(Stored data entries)
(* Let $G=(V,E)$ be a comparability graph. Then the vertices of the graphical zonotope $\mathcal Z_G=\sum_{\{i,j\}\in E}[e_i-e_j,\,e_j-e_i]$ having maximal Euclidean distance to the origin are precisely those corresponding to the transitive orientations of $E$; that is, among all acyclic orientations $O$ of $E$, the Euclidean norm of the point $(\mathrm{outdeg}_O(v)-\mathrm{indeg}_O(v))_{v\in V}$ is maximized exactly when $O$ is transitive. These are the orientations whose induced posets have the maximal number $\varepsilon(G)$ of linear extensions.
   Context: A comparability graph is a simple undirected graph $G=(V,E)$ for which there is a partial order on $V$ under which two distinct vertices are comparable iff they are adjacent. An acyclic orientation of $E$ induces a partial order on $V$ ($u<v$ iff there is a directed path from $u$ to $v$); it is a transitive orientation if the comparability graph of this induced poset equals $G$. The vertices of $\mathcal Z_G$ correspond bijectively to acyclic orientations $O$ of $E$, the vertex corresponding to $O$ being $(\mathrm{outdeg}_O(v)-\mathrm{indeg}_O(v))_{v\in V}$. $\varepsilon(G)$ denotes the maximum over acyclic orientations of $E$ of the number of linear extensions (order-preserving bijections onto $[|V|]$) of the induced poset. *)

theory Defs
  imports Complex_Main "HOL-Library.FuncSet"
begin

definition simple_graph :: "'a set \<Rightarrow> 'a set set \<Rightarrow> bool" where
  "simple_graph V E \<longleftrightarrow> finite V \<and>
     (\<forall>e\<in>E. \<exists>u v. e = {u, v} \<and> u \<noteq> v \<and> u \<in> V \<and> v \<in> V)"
...
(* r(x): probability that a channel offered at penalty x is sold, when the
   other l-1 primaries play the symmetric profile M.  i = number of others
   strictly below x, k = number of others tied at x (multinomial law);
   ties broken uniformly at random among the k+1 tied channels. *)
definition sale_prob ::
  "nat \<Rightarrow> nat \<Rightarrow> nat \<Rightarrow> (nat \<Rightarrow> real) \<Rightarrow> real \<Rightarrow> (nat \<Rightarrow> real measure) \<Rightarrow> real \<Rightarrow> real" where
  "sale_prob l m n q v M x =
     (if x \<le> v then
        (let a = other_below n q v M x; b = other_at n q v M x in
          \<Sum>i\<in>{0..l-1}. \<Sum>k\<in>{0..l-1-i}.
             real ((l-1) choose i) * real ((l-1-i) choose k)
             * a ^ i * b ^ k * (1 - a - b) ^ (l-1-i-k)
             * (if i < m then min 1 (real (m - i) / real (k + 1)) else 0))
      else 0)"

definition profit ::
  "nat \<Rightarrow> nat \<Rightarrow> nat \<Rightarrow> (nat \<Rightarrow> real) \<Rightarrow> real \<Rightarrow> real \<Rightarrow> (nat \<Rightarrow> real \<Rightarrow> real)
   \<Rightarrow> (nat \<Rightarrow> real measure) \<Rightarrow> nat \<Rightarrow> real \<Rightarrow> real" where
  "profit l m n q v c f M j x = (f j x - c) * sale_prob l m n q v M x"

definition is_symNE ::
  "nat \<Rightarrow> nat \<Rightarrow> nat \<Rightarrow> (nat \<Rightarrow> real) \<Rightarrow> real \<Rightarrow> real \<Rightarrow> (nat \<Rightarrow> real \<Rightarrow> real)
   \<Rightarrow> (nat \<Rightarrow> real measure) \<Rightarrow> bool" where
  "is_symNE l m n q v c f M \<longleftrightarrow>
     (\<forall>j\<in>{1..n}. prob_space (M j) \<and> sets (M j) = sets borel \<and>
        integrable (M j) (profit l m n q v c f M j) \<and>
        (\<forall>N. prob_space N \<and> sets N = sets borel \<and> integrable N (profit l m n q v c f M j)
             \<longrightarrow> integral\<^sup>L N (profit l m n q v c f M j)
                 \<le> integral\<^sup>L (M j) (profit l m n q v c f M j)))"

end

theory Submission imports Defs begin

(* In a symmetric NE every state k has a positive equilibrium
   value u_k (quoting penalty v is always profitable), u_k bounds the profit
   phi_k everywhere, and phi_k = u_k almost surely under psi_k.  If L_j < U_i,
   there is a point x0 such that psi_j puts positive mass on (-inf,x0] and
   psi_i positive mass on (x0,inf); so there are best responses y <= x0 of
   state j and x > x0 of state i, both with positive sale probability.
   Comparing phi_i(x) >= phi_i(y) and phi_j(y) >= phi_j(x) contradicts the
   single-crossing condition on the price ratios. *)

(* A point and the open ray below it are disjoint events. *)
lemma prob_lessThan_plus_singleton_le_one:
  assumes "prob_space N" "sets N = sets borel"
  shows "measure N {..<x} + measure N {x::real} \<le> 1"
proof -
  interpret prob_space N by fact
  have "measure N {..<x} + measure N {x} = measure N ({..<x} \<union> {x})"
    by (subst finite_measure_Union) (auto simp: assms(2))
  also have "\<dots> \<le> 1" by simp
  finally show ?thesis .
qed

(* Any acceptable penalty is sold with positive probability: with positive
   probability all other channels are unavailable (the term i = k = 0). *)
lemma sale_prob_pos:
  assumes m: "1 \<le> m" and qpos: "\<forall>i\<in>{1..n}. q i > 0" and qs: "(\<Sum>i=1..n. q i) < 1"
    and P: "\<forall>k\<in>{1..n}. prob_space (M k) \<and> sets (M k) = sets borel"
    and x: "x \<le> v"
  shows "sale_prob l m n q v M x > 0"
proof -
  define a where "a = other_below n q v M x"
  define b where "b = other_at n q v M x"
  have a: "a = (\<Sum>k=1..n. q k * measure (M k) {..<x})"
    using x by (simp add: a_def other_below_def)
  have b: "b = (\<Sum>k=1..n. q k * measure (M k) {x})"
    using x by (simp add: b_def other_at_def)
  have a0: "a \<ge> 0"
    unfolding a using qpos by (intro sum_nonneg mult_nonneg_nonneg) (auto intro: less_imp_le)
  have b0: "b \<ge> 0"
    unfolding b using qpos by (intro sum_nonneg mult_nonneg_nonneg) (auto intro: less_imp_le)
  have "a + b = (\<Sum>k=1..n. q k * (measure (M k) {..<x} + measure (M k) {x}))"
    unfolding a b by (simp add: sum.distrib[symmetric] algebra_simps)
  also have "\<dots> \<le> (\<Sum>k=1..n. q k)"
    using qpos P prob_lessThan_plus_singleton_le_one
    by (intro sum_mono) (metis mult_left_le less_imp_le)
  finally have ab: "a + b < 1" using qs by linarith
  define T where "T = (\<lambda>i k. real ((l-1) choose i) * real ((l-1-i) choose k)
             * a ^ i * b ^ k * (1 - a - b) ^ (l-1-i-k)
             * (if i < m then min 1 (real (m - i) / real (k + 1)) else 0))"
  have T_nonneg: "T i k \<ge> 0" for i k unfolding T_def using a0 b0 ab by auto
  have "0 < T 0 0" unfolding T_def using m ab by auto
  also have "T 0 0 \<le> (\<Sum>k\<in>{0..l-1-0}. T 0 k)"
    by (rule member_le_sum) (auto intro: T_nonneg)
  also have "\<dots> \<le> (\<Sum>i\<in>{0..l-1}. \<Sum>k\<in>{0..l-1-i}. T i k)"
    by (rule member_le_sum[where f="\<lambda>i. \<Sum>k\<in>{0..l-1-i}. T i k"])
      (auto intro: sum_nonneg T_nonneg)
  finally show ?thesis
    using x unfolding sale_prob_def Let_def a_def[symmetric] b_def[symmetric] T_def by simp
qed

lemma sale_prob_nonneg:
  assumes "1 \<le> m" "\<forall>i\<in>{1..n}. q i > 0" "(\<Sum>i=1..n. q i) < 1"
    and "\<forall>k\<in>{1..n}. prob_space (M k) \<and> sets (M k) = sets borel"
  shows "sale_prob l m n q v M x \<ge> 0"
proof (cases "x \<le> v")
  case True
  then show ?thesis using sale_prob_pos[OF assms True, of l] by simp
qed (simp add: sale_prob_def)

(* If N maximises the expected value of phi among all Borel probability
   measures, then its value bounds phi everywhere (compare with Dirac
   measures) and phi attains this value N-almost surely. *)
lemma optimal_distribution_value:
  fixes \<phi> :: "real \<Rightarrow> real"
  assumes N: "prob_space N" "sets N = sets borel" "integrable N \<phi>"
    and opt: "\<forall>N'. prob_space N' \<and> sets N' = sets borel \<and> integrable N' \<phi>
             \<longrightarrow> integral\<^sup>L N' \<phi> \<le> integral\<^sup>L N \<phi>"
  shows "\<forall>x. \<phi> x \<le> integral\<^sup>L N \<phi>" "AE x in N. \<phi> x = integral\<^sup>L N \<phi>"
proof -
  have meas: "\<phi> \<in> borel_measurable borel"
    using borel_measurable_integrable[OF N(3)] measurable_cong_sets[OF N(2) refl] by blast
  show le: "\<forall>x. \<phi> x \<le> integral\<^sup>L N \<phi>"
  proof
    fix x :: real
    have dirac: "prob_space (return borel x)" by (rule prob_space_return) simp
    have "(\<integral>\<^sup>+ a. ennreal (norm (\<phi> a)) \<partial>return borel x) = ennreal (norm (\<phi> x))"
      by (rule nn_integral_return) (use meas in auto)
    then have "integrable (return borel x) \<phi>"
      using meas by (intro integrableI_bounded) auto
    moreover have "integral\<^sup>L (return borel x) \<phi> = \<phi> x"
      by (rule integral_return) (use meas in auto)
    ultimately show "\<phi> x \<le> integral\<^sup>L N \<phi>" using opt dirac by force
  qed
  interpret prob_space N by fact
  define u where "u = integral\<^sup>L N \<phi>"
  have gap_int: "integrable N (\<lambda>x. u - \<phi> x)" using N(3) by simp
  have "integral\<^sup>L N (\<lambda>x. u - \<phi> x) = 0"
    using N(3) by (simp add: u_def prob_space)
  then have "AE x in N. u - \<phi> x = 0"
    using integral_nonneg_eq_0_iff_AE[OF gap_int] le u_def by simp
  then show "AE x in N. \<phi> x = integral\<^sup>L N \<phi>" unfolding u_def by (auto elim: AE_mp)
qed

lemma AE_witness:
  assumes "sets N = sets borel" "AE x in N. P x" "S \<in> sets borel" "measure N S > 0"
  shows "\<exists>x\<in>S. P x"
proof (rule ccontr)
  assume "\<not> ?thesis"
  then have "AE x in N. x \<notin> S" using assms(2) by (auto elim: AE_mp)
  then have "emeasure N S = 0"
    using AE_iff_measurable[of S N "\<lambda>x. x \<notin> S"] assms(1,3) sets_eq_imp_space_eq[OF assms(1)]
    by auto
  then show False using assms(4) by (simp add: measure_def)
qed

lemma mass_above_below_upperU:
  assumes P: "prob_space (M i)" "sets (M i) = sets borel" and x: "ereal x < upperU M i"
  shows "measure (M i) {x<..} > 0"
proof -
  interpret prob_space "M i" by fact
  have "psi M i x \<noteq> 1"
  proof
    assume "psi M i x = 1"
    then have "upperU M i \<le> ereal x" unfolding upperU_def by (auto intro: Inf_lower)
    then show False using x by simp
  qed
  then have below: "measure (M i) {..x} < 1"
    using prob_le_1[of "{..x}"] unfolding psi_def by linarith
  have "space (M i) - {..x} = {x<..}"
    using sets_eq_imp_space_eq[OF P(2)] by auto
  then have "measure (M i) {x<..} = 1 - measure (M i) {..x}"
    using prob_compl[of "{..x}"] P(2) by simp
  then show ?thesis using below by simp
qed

- EXERCISE REQUIREMENTS
Write only the number of lines in the records that contain the string "qpos".

- SOLUTION
4